Volker Türk: «Die einzige Botschaft ist die zentrale Bedeutung der Menschenrechte»
Wer hätte Volker Türk, den derzeitigen Hohen Kommissar der Vereinten Nationen für Menschenrechte, auf die Feuertaufe seines ersten Amtsjahrs vorbereiten können?
Als sich Volker Türk im vergangenen Jahr um das Amt bewarb, war Russland bereits in die Ukraine einmarschiert, in Afghanistan unterdrückten die Taliban die Frauen, und wir wurden von einer Pandemie heimgesucht, die mit brutaler Deutlichkeit zeigte, wie ungleich die Welt noch immer ist.
Dann kamen der Krieg im Sudan, Haitis Absturz in die Bandenkriminalität und der verheerende Ausbruch des israelisch-palästinensischen Kriegs dazu.
Man könnte ihm also verzeihen, wenn er seinen Plan, einen Teil des Jahres 2023 dem 75. Jahrestag der Allgemeinen Erklärung der Menschenrechte zu widmen, auf Eis legen würde.
Doch ganz im Gegenteil: Türk ist der Meinung, dass es in unserer gewalttätigen Welt (derzeit toben 55 Konflikte auf unserem Planeten) wichtiger denn je ist, sich auf unsere Grundprinzipien zu besinnen.

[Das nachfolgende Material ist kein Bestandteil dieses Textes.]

(* Let $n,m\ge1$ be fixed and let $\alpha>0$, $\beta\ge0$ be fixed constants. There exists a constant $c$ (depending on $\alpha,\beta$ but independent of $N$) with the following property. Let $N\ge1$ and let $\mathbf A_i,\mathbf Q_i\in\mathbb R^{n\times n}$, $\mathbf B_i,\mathbf S_i\in\mathbb R^{n\times m}$, $\mathbf R_i\in\mathbb R^{m\times m}$ ($1\le i\le N$), $\mathbf T\in\mathbb R^{n\times n}$, with $\mathbf Q_i,\mathbf R_i,\mathbf T$ symmetric, satisfy: the smallest eigenvalues of $\mathbf T$ and of each $\begin{pmatrix}\mathbf Q_i&\mathbf S_i\\ \mathbf S_i^{\mathsf T}&\mathbf R_i\end{pmatrix}$ exceed $\alpha$; $\|\mathbf A_i\|_\infty\le1/4$, $\|\mathbf A_i^{\mathsf T}\|_\infty\le1/4$; and all of these matrices have norm at most $\beta$. Suppose $\mathbf D_{1:N}$ is invertible with $\|\mathbf D_{1:N}^{-1}\|_\infty\le2$. Then for every $\mathbf y=(\mathbf y_{1},\mathbf y_2,\mathbf y_3,\mathbf y_4,\mathbf y_5)$ with $\mathbf y_1=(\mathbf y_{1i})_{i=1}^N$, $\mathbf y_3=(\mathbf y_{3i})_{i=1}^N$ in $(\mathbb R^n)^N$, $\mathbf y_2,\mathbf y_4\in\mathbb R^n$, $\mathbf y_5=(\mathbf y_{5i})_{i=1}^N\in(\mathbb R^m)^N$, the solution $(\mathbf X,\mathbf U)$ of the quadratic program $$\min\ \tfrac12\mathcal Q(\mathbf X,\mathbf U)+\mathcal L(\mathbf X,\mathbf U)\ \text{ s.t. }\ \sum_{j=1}^ND_{ij}\mathbf X_j=\mathbf A_i\mathbf X_i+\mathbf B_i\mathbf U_i+\mathbf y_{1i}\ (1\le i\le N),\quad \mathbf X_{N+1}=\sum_{j=1}^N\omega_j(\mathbf A_j\mathbf X_j+\mathbf B_j\mathbf U_j)+\mathbf y_2,$$ where $\mathcal Q(\mathbf X,\mathbf U)=\mathbf X_{N+1}^{\mathsf T}\mathbf T\mathbf X_{N+1}+\sum_{i=1}^N\omega_i(\mathbf X_i^{\mathsf T}\mathbf Q_i\mathbf X_i+2\mathbf X_i^{\mathsf T}\mathbf S_i\mathbf U_i+\mathbf U_i^{\mathsf T}\mathbf R_i\mathbf U_i)$ and $\mathcal L(\mathbf X,\mathbf U)=\mathbf y_4^{\mathsf T}\mathbf X_{N+1}-\sum_{i=1}^N\omega_i(\mathbf y_{3i}^{\mathsf T}\mathbf X_i+\mathbf y_{5i}^{\mathsf T}\mathbf U_i)$, satisfies $\|\mathbf X\|_\omega\le c\|\mathbf y\|_\infty$ and $\|\mathbf U\|_\omega\le c\|\mathbf y\|_\infty$.
   Context: Unknowns: $\mathbf X=(\mathbf X_1,\dots,\mathbf X_{N+1})$, $\mathbf X_i\in\mathbb R^n$, and $\mathbf U=(\mathbf U_1,\dots,\mathbf U_N)$, $\mathbf U_i\in\mathbb R^m$. $-1<\tau_1<\dots<\tau_N<1$ are the $N$ Gauss abscissas (roots of the degree-$N$ Legendre polynomial), $\omega_1,\dots,\omega_N>0$ the Gauss weights, $\tau_0=-1$. $D_{ij}=\dot L_j(\tau_i)$ ($1\le i\le N$, $0\le j\le N$) with $L_j(\tau)=\prod_{k=0,k\ne j}^N\frac{\tau-\tau_k}{\tau_j-\tau_k}$ and $\mathbf D_{1:N}=(D_{ij})_{1\le i,j\le N}$. Matrix $\|\cdot\|_\infty$ is the largest absolute row sum. $\|\mathbf X\|_\omega^2=|\mathbf X_{N+1}|^2+\sum_{i=1}^N\omega_i|\mathbf X_i|^2$, $\|\mathbf U\|_\omega^2=\sum_{i=1}^N\omega_i|\mathbf U_i|^2$, and $\|\mathbf y\|_\infty$ is the maximum Euclidean norm of the $\mathbb R^n$- or $\mathbb R^m$-blocks of $\mathbf y$. (In the paper the matrices come from linearizing the control problem along its optimal solution, so they are bounded independently of $N$, and the eigenvalue and norm conditions are assumptions (A2),(A3),(P1).) *)

theory Defs
  imports "HOL-Analysis.Analysis" "HOL-Computational_Algebra.Polynomial"
begin

text \<open>Legendre polynomials via Bonnet's recurrence
  (k+1) P_(k+1) = (2k+1) x P_k - k P_(k-1).\<close>
fun legendre :: "nat \<Rightarrow> real poly" where
  "legendre 0 = 1"
| "legendre (Suc 0) = [:0, 1:]"
| "legendre (Suc (Suc k)) =
     smult (1 / (real k + 2))
       (smult (2 * real k + 3) ([:0, 1:] * legendre (Suc k)) - smult (real k + 1) (legendre k))"

definition gauss_nodes :: "nat \<Rightarrow> (nat \<Rightarrow> real) \<Rightarrow> bool" where
  "gauss_nodes N tau \<longleftrightarrow>
     (\<forall>i j. 1 \<le> i \<longrightarrow> i < j \<longrightarrow> j \<le> N \<longrightarrow> tau i < tau j) \<and>
     tau ` {1..N} = {x. poly (legendre N) x = 0}"

definition gauss_weights :: "nat \<Rightarrow> (nat \<Rightarrow> real) \<Rightarrow> (nat \<Rightarrow> real) \<Rightarrow> bool" where
  "gauss_weights N tau w \<longleftrightarrow>
     (\<forall>i\<in>{1..N}. w i = integral {-1..1}
        (\<lambda>t. \<Prod>k\<in>{1..N} - {i}. (t - tau k) / (tau i - tau k)))"

definition ext_nodes :: "(nat \<Rightarrow> real) \<Rightarrow> nat \<Rightarrow> real" where
  "ext_nodes tau k = (if k = 0 then -1 else tau k)"

definition lagrange_basis :: "nat \<Rightarrow> (nat \<Rightarrow> real) \<Rightarrow> nat \<Rightarrow> real poly" where
  "lagrange_basis N tau j =
     (\<Prod>k\<in>{0..N} - {j}. smult (1 / (ext_nodes tau j - ext_nodes tau k)) [:- ext_nodes tau k, 1:])"

definition Dmat :: "nat \<Rightarrow> (nat \<Rightarrow> real) \<Rightarrow> nat \<Rightarrow> nat \<Rightarrow> real" where
  "Dmat N tau i j = poly (pderiv (lagrange_basis N tau j)) (tau i)"

definition infnorm_N :: "nat \<Rightarrow> (nat \<Rightarrow> nat \<Rightarrow> real) \<Rightarrow> real" where
  "infnorm_N N M = Max ((\<lambda>i. \<Sum>j\<in>{1..N}. \<bar>M i j\<bar>) ` {1..N})"

definition D_inv_bound :: "nat \<Rightarrow> (nat \<Rightarrow> real) \<Rightarrow> real \<Rightarrow> bool" where
  "D_inv_bound N tau b \<longleftrightarrow>
     (\<exists>E. (\<forall>i\<in>{1..N}. \<forall>j\<in>{1..N}.
            (\<Sum>k\<in>{1..N}. Dmat N tau i k * E k j) = (if i = j then 1 else 0) \<and>
            (\<Sum>k\<in>{1..N}. E i k * Dmat N tau k j) = (if i = j then 1 else 0)) \<and>
          infnorm_N N E \<le> b)"

definition mat_infnorm :: "real^'c::finite^'r::finite \<Rightarrow> real" where
  "mat_infnorm M = Max (range (\<lambda>i. \<Sum>j\<in>UNIV. \<bar>M $ i $ j\<bar>))"

definition eigenvalues :: "real^'n::finite^'n \<Rightarrow> real set" where
  "eigenvalues M = {l. \<exists>v. v \<noteq> 0 \<and> M *v v = l *\<^sub>R v}"

definition min_eigenvalue :: "real^'n::finite^'n \<Rightarrow> real" where
  "min_eigenvalue M = Min (eigenvalues M)"

definition block_QSR ::
  "real^'n::finite^'n \<Rightarrow> real^'m::finite^'n \<Rightarrow> real^'m^'m \<Rightarrow> real^('n + 'm)^('n + 'm)" where
  "block_QSR Q S R = (\<chi> i j. case (i, j) of
       (Inl a, Inl b) \<Rightarrow> Q $ a $ b
     | (Inl a, Inr b) \<Rightarrow> S $ a $ b
     | (Inr a, Inl b) \<Rightarrow> S $ b $ a
     | (Inr a, Inr b) \<Rightarrow> R $ a $ b)"

definition qp_feasible ::
  "nat \<Rightarrow> (nat \<Rightarrow> real) \<Rightarrow> (nat \<Rightarrow> real) \<Rightarrow> (nat \<Rightarrow> real^'n::finite^'n) \<Rightarrow> (nat \<Rightarrow> real^'m::finite^'n)
   \<Rightarrow> (nat \<Rightarrow> real^'n) \<Rightarrow> real^'n \<Rightarrow> (nat \<Rightarrow> real^'n) \<Rightarrow> (nat \<Rightarrow> real^'m) \<Rightarrow> bool" where
  "qp_feasible N tau w A B y1 y2 X U \<longleftrightarrow>
     (\<forall>i\<in>{1..N}. (\<Sum>j\<in>{1..N}. Dmat N tau i j *\<^sub>R X j) = A i *v X i + B i *v U i + y1 i) \<and>
     X (N + 1) = (\<Sum>j\<in>{1..N}. w j *\<^sub>R (A j *v X j + B j *v U j)) + y2"

definition qp_objective ::
  "nat \<Rightarrow> (nat \<Rightarrow> real) \<Rightarrow> real^'n::finite^'n \<Rightarrow> (nat \<Rightarrow> real^'n^'n) \<Rightarrow> (nat \<Rightarrow> real^'m::finite^'n)
   \<Rightarrow> (nat \<Rightarrow> real^'m^'m) \<Rightarrow> (nat \<Rightarrow> real^'n) \<Rightarrow> real^'n \<Rightarrow> (nat \<Rightarrow> real^'m)
   \<Rightarrow> (nat \<Rightarrow> real^'n) \<Rightarrow> (nat \<Rightarrow> real^'m) \<Rightarrow> real" where
  "qp_objective N w T Q S R y3 y4 y5 X U =
     (1/2) * (X (N + 1) \<bullet> (T *v X (N + 1)) +
        (\<Sum>i\<in>{1..N}. w i * (X i \<bullet> (Q i *v X i) + 2 * (X i \<bullet> (S i *v U i)) + U i \<bullet> (R i *v U i))))
     + (y4 \<bullet> X (N + 1) - (\<Sum>i\<in>{1..N}. w i * (y3 i \<bullet> X i + y5 i \<bullet> U i)))"

definition Xnorm_w :: "nat \<Rightarrow> (nat \<Rightarrow> real) \<Rightarrow> (nat \<Rightarrow> real^'n::finite) \<Rightarrow> real" where
  "Xnorm_w N w X = sqrt ((norm (X (N + 1)))\<^sup>2 + (\<Sum>i\<in>{1..N}. w i * (norm (X i))\<^sup>2))"

definition Unorm_w :: "nat \<Rightarrow> (nat \<Rightarrow> real) \<Rightarrow> (nat \<Rightarrow> real^'m::finite) \<Rightarrow> real" where
  "Unorm_w N w U = sqrt (\<Sum>i\<in>{1..N}. w i * (norm (U i))\<^sup>2)"

definition ynorm_inf ::
  "nat \<Rightarrow> (nat \<Rightarrow> real^'n::finite) \<Rightarrow> real^'n \<Rightarrow> (nat \<Rightarrow> real^'n) \<Rightarrow> real^'n \<Rightarrow> (nat \<Rightarrow> real^'m::finite) \<Rightarrow> real" where
  "ynorm_inf N y1 y2 y3 y4 y5 =
     Max ((\<lambda>i. norm (y1 i)) ` {1..N} \<union> {norm y2} \<union> (\<lambda>i. norm (y3 i)) ` {1..N}
          \<union> {norm y4} \<union> (\<lambda>i. norm (y5 i)) ` {1..N})"

end

theory Submission
  imports Defs
begin

text \<open>
  Since \<open>\<parallel>D\<^sub>1\<^sub>:\<^sub>N\<^sup>-\<^sup>1\<parallel>\<^sub>\<infinity> \<le> 2\<close> and \<open>\<parallel>A\<^sub>i\<parallel>\<^sub>2 \<le> 1/4\<close> (Schur's test), the map
  \<open>X \<mapsto> D\<^sub>1\<^sub>:\<^sub>N\<^sup>-\<^sup>1 (A X + y\<^sub>1)\<close> halves sup-distances, so the dynamics with zero control have a solution
  with \<open>|X\<^sub>i| \<le> 4\<parallel>y\<parallel>\<^sub>\<infinity>\<close>; as the Gauss weights are nonnegative with sum 2, also
  \<open>|X\<^sub>N\<^sub>+\<^sub>1| \<le> 3\<parallel>y\<parallel>\<^sub>\<infinity>\<close>. Hence the optimal value is \<open>O(\<parallel>y\<parallel>\<^sub>\<infinity>\<^sup>2)\<close>. Conversely, coercivity of
  \<open>T\<close> and of the blocks \<open>[[Q\<^sub>i, S\<^sub>i], [S\<^sub>i\<^sup>T, R\<^sub>i]]\<close> bounds the objective below by
  \<open>\<alpha>/4 (\<parallel>X\<parallel>\<^sub>\<omega>\<^sup>2 + \<parallel>U\<parallel>\<^sub>\<omega>\<^sup>2) - 5\<parallel>y\<parallel>\<^sub>\<infinity>\<^sup>2/\<alpha>\<close>. Nonnegativity of the weights is
  \<open>\<integral>\<ell>\<^sub>i = \<integral>\<ell>\<^sub>i\<^sup>2\<close>: \<open>\<ell>\<^sub>i\<^sup>2 - \<ell>\<^sub>i\<close> is the Legendre polynomial \<open>P\<^sub>N\<close> times a polynomial of
  degree \<open>< N\<close>, to which \<open>P\<^sub>N\<close> is orthogonal.
\<close>

section \<open>Legendre polynomials and Gauss weights\<close>

lemma degree_legendre_le: "degree (legendre k) \<le> k"
proof (induction k rule: legendre.induct)
  case (3 k)
  have "degree ([:0, 1:] * legendre (Suc k)) \<le> Suc (Suc k)"
    using degree_mult_le[of "[:0, 1:]" "legendre (Suc k)"] 3 by simp
  then have "degree (smult (2 * real k + 3) ([:0, 1:] * legendre (Suc k))
      - smult (real k + 1) (legendre k)) \<le> Suc (Suc k)"
    using 3 degree_diff_le by (metis degree_smult_le le_SucI order.trans)
  then show ?case by (simp add: order.trans[OF degree_smult_le])
qed simp_all

lemma legendre_derivative_identities:
  "t * poly (pderiv (legendre (Suc k))) t - poly (pderiv (legendre k)) t
      = (real k + 1) * poly (legendre (Suc k)) t \<and>
   (t * t - 1) * poly (pderiv (legendre (Suc k))) t
      = (real k + 1) * (t * poly (legendre (Suc k)) t - poly (legendre k) t)"
proof (induction k)
  case 0
  then show ?case by (simp add: pderiv_pCons)
next
  case (Suc k)
  define a where "a = poly (legendre (Suc k)) t"
  define b where "b = poly (legendre k) t"
  define a' where "a' = poly (pderiv (legendre (Suc k))) t"
  define b' where "b' = poly (pderiv (legendre k)) t"
  have IH: "t * a' - b' = (real k + 1) * a" "(t * t - 1) * a' = (real k + 1) * (t * a - b)"
    using Suc by (simp_all add: a_def b_def a'_def b'_def)
  define p where "p = poly (legendre (Suc (Suc k))) t"
  define p' where "p' = poly (pderiv (legendre (Suc (Suc k)))) t"
  have rec: "(real k + 2) * p = (2 * real k + 3) * t * a - (real k + 1) * b"
    by (simp add: p_def a_def b_def field_simps)
  have rec': "(real k + 2) * p' = (2 * real k + 3) * (a + t * a') - (real k + 1) * b'"
    by (simp add: p'_def a_def a'_def b'_def pderiv_smult pderiv_diff pderiv_mult pderiv_pCons field_simps)
  have "(real k + 2) * (t * p' - a') = (real k + 2) * ((real k + 2) * p)"
    using rec rec' IH by algebra
  moreover have "(real k + 2) * ((t * t - 1) * p') = (real k + 2) * ((real k + 2) * (t * p - a))"
    using rec rec' IH by algebra
  ultimately show ?case
    unfolding p_def[symmetric] p'_def[symmetric] a_def[symmetric] a'_def[symmetric]
    by (simp add: add.commute)
qed

lemma legendre_derivative_identities_poly:
  shows "[:0, 1:] * pderiv (legendre (Suc k)) - pderiv (legendre k)
      = smult (real k + 1) (legendre (Suc k))"
    and "[:-1, 0, 1:] * pderiv (legendre (Suc k))
      = smult (real k + 1) ([:0, 1:] * legendre (Suc k) - legendre k)"
proof -
  show "[:0, 1:] * pderiv (legendre (Suc k)) - pderiv (legendre k)
      = smult (real k + 1) (legendre (Suc k))"
    by (rule poly_eq_poly_eq_iff[THEN iffD1, OF ext])
      (simp add: conjunct1[OF legendre_derivative_identities])
  show "[:-1, 0, 1:] * pderiv (legendre (Suc k))
      = smult (real k + 1) ([:0, 1:] * legendre (Suc k) - legendre k)"
    by (rule poly_eq_poly_eq_iff[THEN iffD1, OF ext])
      (use conjunct2[OF legendre_derivative_identities] in \<open>simp add: algebra_simps\<close>)
qed

lemma legendre_ode:
  "pderiv ([:-1, 0, 1:] * pderiv (legendre (Suc k)))
     = smult ((real k + 1) * (real k + 2)) (legendre (Suc k))"
proof -
  have "pderiv ([:-1, 0, 1:] * pderiv (legendre (Suc k)))
     = smult (real k + 1) (legendre (Suc k) + ([:0, 1:] * pderiv (legendre (Suc k)) - pderiv (legendre k)))"
    unfolding legendre_derivative_identities_poly(2)
    by (simp add: pderiv_smult pderiv_diff pderiv_mult pderiv_pCons algebra_simps)
  also have "\<dots> = smult ((real k + 1) * (real k + 2)) (legendre (Suc k))"
    unfolding legendre_derivative_identities_poly(1) by (simp add: poly_eq_iff algebra_simps)
  finally show ?thesis .
qed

Im Jahr 2023 hat SWI swissinfo.ch einen Schwerpunkt auf den 75. Jahrestag der Allgemeinen Erklärung der Menschenrechte gelegt – diesem bahnbrechenden Grundsatzpapier, das – fun fact – das meistübersetzte Dokument der Welt sein soll.
Der derzeitige UNO-Hochkommissar für Menschenrechte, Volker Türk, beschreibt die Erklärung als «ein transformatives Dokument… als Antwort auf die katastrophalen Ereignisse während des Zweiten Weltkriegs».
Die Allgemeine Erklärung wurde bereits 1948 verfasst. Trotzdem dauerte es bis 1994, bis mit dem Ecuadorianer José Ayala Lasso der erste UN-Kommissar ernannt wurde. Der Posten als Kommissar gilt seither vielen als der härteste Job der UN.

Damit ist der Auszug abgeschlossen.